US Department of Defense (DoD) employees have bought electronics worth over $32.8 million in fiscal year 2018 that have been known to contain security vulnerabilities, a report by the Pentagon’s inspector general said last week.
These acquisitions were made by Army and Air Force employees using payment cards issued by the government for micro-purchases of under $10,000.
As a result of these purchases, the DOD’s Inspector General believes the Army and Air Force are introducing vulnerable equipment into their networks that may be exploited by US adversaries.
The report specifically listed Lexmark printers, GoPro cameras, and Lenovo computers as problematic products, as examples.
The Lexmark purchases
“Army and Air Force GPC [government purchase card] holders purchased over 8,000 Lexmark printers, totaling more than $30 million, for use on Army and Air Force networks,” the DOD Inspector General (DODIG) report said.
Purchasing printers from Lexmark was a big mistake, auditors said, citing a 2018 Congressional report on supply chain vulnerabilities that warned against using Lexmark devices, claiming the China-based company had connections to the Chinese military, and the country’s nuclear, and cyberespionage programs.
In addition, the DODIG also pointed out that Lexmark printers have been impacted by more than 20 vulnerabilities in the past, “including storing and transmitting sensitive network access credentials in plain text and allowing the execution of malicious code on the printer.”
“These vulnerabilities could allow remote attackers to use a connected Lexmark printer to conduct cyberespionage or launch a denial of service attack on a DoD network,” the DODIG said.
The GoPro purchases
Furthermore, the Army and Air Force also bought 117 GoPro action cameras worth nearly $98,000.
“However, the cameras have vulnerabilities that could allow a remote attacker access to the stored network credentials and live video streams,” auditors said.
“By exploiting these vulnerabilities, a malicious actor could view the video stream, start recording, or take pictures without the user’s knowledge.”
The Lenovo purchases
But the biggest issue was with Lenovo computers. Albeit not the most costly purchases, the DODIG highlighted several problems with buying Lenovo gear, such as the numerous security warnings issued by the US government against using these devices.
For example, in 2006, the State Department banned the use of Lenovo computers on their classified networks after reports that Lenovo computers were manufactured with hidden hardware or software used for cyberespionage.
The DHS issued a similar warning in 2015 about Lenovo computers containing pre-installed spyware, along with various critical vulnerabilities.
In 2016, the Joint Chiefs of Staff Intelligence Directorate also issued its own alert about Lenovo, warning that handheld Lenovo devices could introduce compromised hardware into the DoD supply chain, creating a cyberespionage risk to classified and unclassified DoD networks.
However, despite all these past warnings, the Army bought 195 Lenovo products in 2018, totaling just under $268,000, and the Air Force purchased another 1,378 Lenovo products for $1.9 million.

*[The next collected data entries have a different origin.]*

lemma cantor_tail_bounds:
  "cantor_partial m a \<le> cantor_map a" "cantor_map a \<le> cantor_partial m a + (1/4) ^ m / 3"
proof -
  have tail_summable: "summable (\<lambda>n. cantor_digit a (n + m))"
    using summable_cantor_digit by (simp add: summable_iff_shift)
  have split: "cantor_map a = (\<Sum>n. cantor_digit a (n + m)) + cantor_partial m a"
    unfolding cantor_map_def cantor_partial_def
    by (rule suminf_split_initial_segment[OF summable_cantor_digit])
  have weights: "(\<lambda>n. (1/4::real) ^ Suc (n + m)) = (\<lambda>n. (1/4) ^ Suc m * (1/4) ^ n)"
    by (simp add: power_add mult_ac)
  have "(\<Sum>n. cantor_digit a (n + m)) \<le> (\<Sum>n. (1/4::real) ^ Suc (n + m))"
    using tail_summable summable_cantor_weights
    by (intro suminf_le) (auto simp: cantor_digit_def summable_iff_shift[where k = m])
  also have "\<dots> = (1/4) ^ m / 3"
    unfolding weights by (subst suminf_mult) (auto simp: suminf_geometric)
  finally show "cantor_map a \<le> cantor_partial m a + (1/4) ^ m / 3"
    using split by simp
  show "cantor_partial m a \<le> cantor_map a"
    using split suminf_nonneg[OF tail_summable] by (simp add: cantor_digit_def)
qed

lemma cantor_partial_cong:
  "(\<And>k. k < m \<Longrightarrow> a k = b k) \<Longrightarrow> cantor_partial m a = cantor_partial m b"
  unfolding cantor_partial_def cantor_digit_def by (intro sum.cong) auto

lemma continuous_cantor_map: "continuous_on UNIV cantor_map"
proof -
  have "uniform_limit UNIV (\<lambda>n a. \<Sum>k<n. cantor_digit a k) cantor_map sequentially"
    unfolding cantor_map_def
    by (rule Weierstrass_m_test[OF _ summable_cantor_weights]) (simp add: cantor_digit_def)
  moreover have "continuous_on UNIV (\<lambda>a. cantor_digit a k)" for k
  proof -
    have "continuous_on UNIV ((\<lambda>b. if b then (1/4::real) ^ Suc k else 0) \<circ> (\<lambda>a. a k))"
      by (intro continuous_on_compose continuous_on_product_coordinates) simp
    then show ?thesis by (simp add: cantor_digit_def o_def)
  qed
  ultimately show ?thesis
    by (intro uniform_limit_theorem) (auto intro!: always_eventually continuous_on_sum)
qed

lemma compact_UNIV_nat_bool: "compact (UNIV :: (nat \<Rightarrow> bool) set)"
proof -
  have "compact_space (product_topology (\<lambda>i::nat. (euclidean :: bool topology)) UNIV)"
    by (subst compact_space_product_topology) (auto simp: compact_space_def intro: finite_imp_compact)
  then show ?thesis
    by (metis compact_space_def compactin_euclidean_iff euclidean_product_topology topspace_euclidean)
qed

lemma compact_cantor_set: "compact cantor_set"
  unfolding cantor_set_def
  by (intro compact_continuous_image continuous_cantor_map compact_UNIV_nat_bool)

text \<open>
  At the first differing digit the sequence with a 1 has the larger value: the gap
  4^-(j+1) exceeds the whole remaining tail 4^-(j+1) / 3.
\<close>
lemma cantor_map_less:
  assumes "\<not> a j" "b j" "\<And>k. k < j \<Longrightarrow> a k = b k"
  shows "cantor_map a < cantor_map b"
proof -
  have "cantor_partial (Suc j) b = cantor_partial (Suc j) a + (1/4) ^ Suc j"
    using assms cantor_partial_cong[OF assms(3)]
    by (simp add: cantor_partial_def cantor_digit_def)
  moreover have "(0::real) < (1/4) ^ Suc j" by simp
  ultimately show ?thesis
    using cantor_tail_bounds[where m = "Suc j" and a = a] cantor_tail_bounds[where m = "Suc j" and a = b]
    by linarith
qed

lemma inj_cantor_map: "inj cantor_map"
proof (rule injI, rule ccontr)
  fix a b assume eq: "cantor_map a = cantor_map b" and "a \<noteq> b"
  then obtain k where "a k \<noteq> b k" by auto
  then obtain j where j: "a j \<noteq> b j" "\<And>k. k < j \<Longrightarrow> a k = b k"
    using exists_least_iff[of "\<lambda>k. a k \<noteq> b k"] by blast
  show False
    using cantor_map_less[of a j b] cantor_map_less[of b j a] j eq by (cases "a j") auto
qed

lemma cantor_partial_values:
  "finite (range (cantor_partial m))" "card (range (cantor_partial m)) \<le> 2 ^ m"
proof -
  let ?value = "\<lambda>B. \<Sum>k\<in>B. (1/4::real) ^ Suc k"
  have "range (cantor_partial m) \<subseteq> ?value ` Pow {..<m}"
  proof
    fix y assume "y \<in> range (cantor_partial m)"
    then obtain a where "y = cantor_partial m a" by auto
    then have "y = ?value {k \<in> {..<m}. a k}"
      using sum.inter_filter[of "{..<m}" "\<lambda>k. (1/4::real) ^ Suc k" a]
      by (simp add: cantor_partial_def cantor_digit_def)
    then show "y \<in> ?value ` Pow {..<m}" by blast
  qed
  moreover have "finite (?value ` Pow {..<m})" by simp
  moreover have "card (?value ` Pow {..<m}) \<le> 2 ^ m"
    using card_image_le[of "Pow {..<m}" ?value] by (simp add: card_Pow)
  ultimately show "finite (range (cantor_partial m))" "card (range (cantor_partial m)) \<le> 2 ^ m"
    by (meson card_mono finite_subset order_trans)+
qed

lemma cantor_set_cover:
  "cantor_set \<subseteq> (\<Union>c\<in>range (cantor_partial m). {c + 0 .. c + (1/4) ^ m / 3})"
  using cantor_tail_bounds by (fastforce simp: cantor_set_def)

lemma emeasure_interval_translates:
  fixes C :: "real set"
  assumes "finite C" "card C \<le> K" "\<alpha> \<le> \<beta>"
  shows "emeasure lborel (\<Union>c\<in>C. {c + \<alpha> .. c + \<beta>}) \<le> ennreal (real K * (\<beta> - \<alpha>))"
proof -
  have "emeasure lborel (\<Union>c\<in>C. {c + \<alpha> .. c + \<beta>}) \<le> (\<Sum>c\<in>C. emeasure lborel {c + \<alpha> .. c + \<beta>})"
    using assms by (intro emeasure_subadditive_finite) auto
  also have "\<dots> = ennreal (real (card C) * (\<beta> - \<alpha>))"
    using assms by (simp add: ennreal_of_nat_eq_real_of_nat ennreal_mult)
  also have "\<dots> \<le> ennreal (real K * (\<beta> - \<alpha>))"
    using assms by (intro ennreal_leI mult_right_mono) auto
  finally show ?thesis .
qed

lemma null_if_shrinking_covers:
  assumes "\<And>n. X \<subseteq> Y n" "\<And>n. Y n \<in> sets lborel"
    and "\<And>n. emeasure lborel (Y n) \<le> ennreal (c * (1/2) ^ n)"
  shows "X \<in> null_sets lebesgue"
proof -
  have bound: "emeasure lborel (\<Inter>n. Y n) \<le> ennreal (c * (1/2) ^ n)" for n
    by (rule order_trans[OF emeasure_mono[OF _ assms(2)] assms(3)]) blast
  have "(\<lambda>n. ennreal (c * (1/2) ^ n)) \<longlonglongrightarrow> ennreal (c * 0)"
    by (intro tendsto_ennrealI tendsto_mult tendsto_const LIMSEQ_power_zero) simp
  then have "emeasure lborel (\<Inter>n. Y n) \<le> 0"
    using bound by (intro LIMSEQ_le_const) auto
  then have "(\<Inter>n. Y n) \<in> null_sets lborel"
    using assms(2) by (auto simp: null_sets_def)
  moreover have "X \<subseteq> (\<Inter>n. Y n)" using assms(1) by blast
  ultimately show ?thesis
    by (blast intro: null_sets_completionI null_sets_completion_subset)
qed

text \<open>
  The Cantor set has measure at most 2^m 4^-m / 3 for every m, hence is null.
\<close>
lemma cantor_set_null: "cantor_set \<in> null_sets lebesgue"
proof (rule null_if_shrinking_covers[OF cantor_set_cover])
  fix n
  show "(\<Union>c\<in>range (cantor_partial n). {c + 0 .. c + (1/4) ^ n / 3}) \<in> sets lborel"
    using cantor_partial_values by (intro sets.finite_UN) auto
  have "emeasure lborel (\<Union>c\<in>range (cantor_partial n). {c + 0 .. c + (1/4) ^ n / 3})
      \<le> ennreal (real (2 ^ n) * ((1/4) ^ n / 3 - 0))"
    by (rule emeasure_interval_translates[OF cantor_partial_values]) simp
  also have "\<dots> \<le> ennreal (1 * (1/2) ^ n)"
    by (intro ennreal_leI) (simp add: power_mult_distrib[symmetric])
  finally show "emeasure lborel (\<Union>c\<in>range (cantor_partial n). {c + 0 .. c + (1/4) ^ n / 3})
      \<le> ennreal (1 * (1/2) ^ n)" .
qed

text \<open>
  Fixing the even digits by x gives a slice of the Cantor set; distinct x give disjoint
  slices, and free odd digits make each slice perfect.
\<close>
definition cantor_slice :: "(nat \<Rightarrow> bool) \<Rightarrow> real set" where
  "cantor_slice x = cantor_map ` {a. \<forall>k. a (2 * k) = x k}"

lemma cantor_slice_subset: "cantor_slice x \<subseteq> cantor_set"
  by (auto simp: cantor_slice_def cantor_set_def)

lemma cantor_slice_nonempty: "cantor_slice x \<noteq> {}"
proof -
  have "(\<lambda>k. even k \<and> x (k div 2)) \<in> {a. \<forall>k. a (2 * k) = x k}" by simp
  then have "cantor_map (\<lambda>k. even k \<and> x (k div 2)) \<in> cantor_slice x"
    unfolding cantor_slice_def by (rule imageI)
  then show ?thesis by blast
qed

lemma cantor_slices_disjoint: "x \<noteq> y \<Longrightarrow> cantor_slice x \<inter> cantor_slice y = {}"
  by (fastforce simp: cantor_slice_def dest: injD[OF inj_cantor_map])

lemma perfect_cantor_slice: "perfect_set (cantor_slice x)"
  unfolding perfect_set_def
proof (intro conjI ballI)
  let ?D = "{a. \<forall>k. a (2 * k) = x k}"
  have "?D = (\<Inter>k. {a. a (2 * k) = x k})" by auto
  moreover have "closed {a::nat \<Rightarrow> bool. a (2 * k) = x k}" for k
    by (intro closed_Collect_eq continuous_on_product_coordinates continuous_on_const)
  ultimately have "closed ?D" by (simp add: closed_INT)
  then have "compact ?D" using closed_Int_compact[OF _ compact_UNIV_nat_bool] by simp
  then show "closed (cantor_slice x)" unfolding cantor_slice_def
    by (intro compact_imp_closed compact_continuous_image continuous_on_subset[OF continuous_cantor_map]) auto
  fix y assume "y \<in> cantor_slice x"
  then obtain a where a: "a \<in> ?D" "y = cantor_map a" by (auto simp: cantor_slice_def)
  show "y islimpt cantor_slice x"
    unfolding islimpt_approachable
  proof (intro allI impI)
    fix e :: real assume "0 < e"
    then obtain m where m: "(1/4::real) ^ m < e" using real_arch_pow_inv[of e "1/4"] by auto
    \<comment> \<open>flip an odd digit beyond position m: this stays in the slice and moves the point slightly\<close>
    define b where "b = a(2 * m + 1 := \<not> a (2 * m + 1))"
    have "2 * k \<noteq> 2 * m + 1" for k :: nat by presburger
    then have "b \<in> ?D" using a(1) by (simp add: b_def)
    moreover have "b (2 * m + 1) \<noteq> a (2 * m + 1)" by (simp add: b_def)
    then have "cantor_map b \<noteq> cantor_map a" by (metis injD[OF inj_cantor_map])
    moreover have "cantor_partial (2 * m + 1) b = cantor_partial (2 * m + 1) a"
      by (intro cantor_partial_cong) (simp add: b_def)
    moreover have "(1/4::real) ^ (2 * m + 1) \<le> (1/4) ^ m" by (intro power_decreasing) auto
    ultimately show "\<exists>z\<in>cantor_slice x. z \<noteq> y \<and> dist z y < e"
      using a m cantor_tail_bounds[where m = "2 * m + 1" and a = a]
        cantor_tail_bounds[where m = "2 * m + 1" and a = b]
      by (intro bexI[of _ "cantor_map b"]) (auto simp: dist_real_def cantor_slice_def)
  qed
qed

lemma uncountable_UNIV_nat_bool: "uncountable (UNIV :: (nat \<Rightarrow> bool) set)"
proof -
  have "(\<lambda>n. \<not> f n n) \<notin> range f" for f :: "nat \<Rightarrow> nat \<Rightarrow> bool"
  proof
    assume "(\<lambda>n. \<not> f n n) \<in> range f"
    then obtain m where "(\<lambda>n. \<not> f n n) = f m" by auto
    then have "(\<not> f m m) = f m m" by (rule fun_cong)
    then show False by simp
  qed
  then show ?thesis unfolding uncountable_def by (metis UNIV_I UNIV_not_empty)
qed

text \<open>
  A closed null set has empty interior, as nonempty open sets have positive measure.
\<close>
lemma nowhere_dense_if_closed_null:
  assumes "closed T" "T \<in> null_sets lebesgue"
  shows "nowhere_dense T"
proof -
  have "negligible (interior T)"
    using assms(2) interior_subset negligible_subset negligible_iff_null_sets by metis
  then have "interior T = {}" using open_not_negligible open_interior by blast
  then show ?thesis using assms(1) by (simp add: nowhere_dense_def closure_closed)
qed

lemma meager_if_nowhere_dense: "nowhere_dense A \<Longrightarrow> meager A"
  unfolding meager_def by (intro exI[of _ "{A}"]) auto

DOD agencies are ignoring previous warnings
The report highlighted that DOD agencies have often ignored previous cyber-security alerts when making these small micro-purchases.
For example, the report stated that Lexmark printers were still available for purchase through the Navy Marine Corps Intranet COTS [commercial off-the-shelf] Catalog and have been certified for use on the Navy network as recently as February 2019 — this despite the US government warning against using devices from this vendor.
The DODIG report blamed these issues on DOD management errors. Auditors said the DOD failed to establish a department to develop a strategy for managing cybersecurity risks and which could put together a list of approved products that DOD staffers could consult before making purchases.
Auditors said the DOD tried to do this in the past — namely with the Office of the Under Secretary of Defense for Research and Engineering Joint Federated Assurance Center — but the DOD failed to grant it operational capability, meaning the agency only existed on paper.
The DODIG report, titled “Audit of the DoD’s Management of the Cybersecurity Risks for Government Purchase Card Purchases of Commercial Off-the-Shelf Items,” is a window in the US’ biggest national security problem right now — which is supply chain attacks.
The National Counterintelligence and Security Center (NCSC), part of the Office of the Director of National Intelligence, proclaimed April 2019 as National Supply Chain Integrity Month, in an attempt to get state agencies and the private sector to review their supply chains, and take note of equipment and software they were buying from known US adversaries, such as China.
Earlier this week, two US senators have also introduced a bipartisan bill named the Manufacturing, Investment, and Controls Review for Computer Hardware, Intellectual Property and Supply (MICROCHIPS) Act, in an attempt to get the US government to pass a law for the creation of a state agency for testing hardware and software that goes into the supply chain of the US military and other federal agencies.
With political tensions with China at an all-time high, US government officials fear that a potential incident between the two countries could have catastrophic effects on US IT infrastructure, which is now riddled with Chinese-made equipment.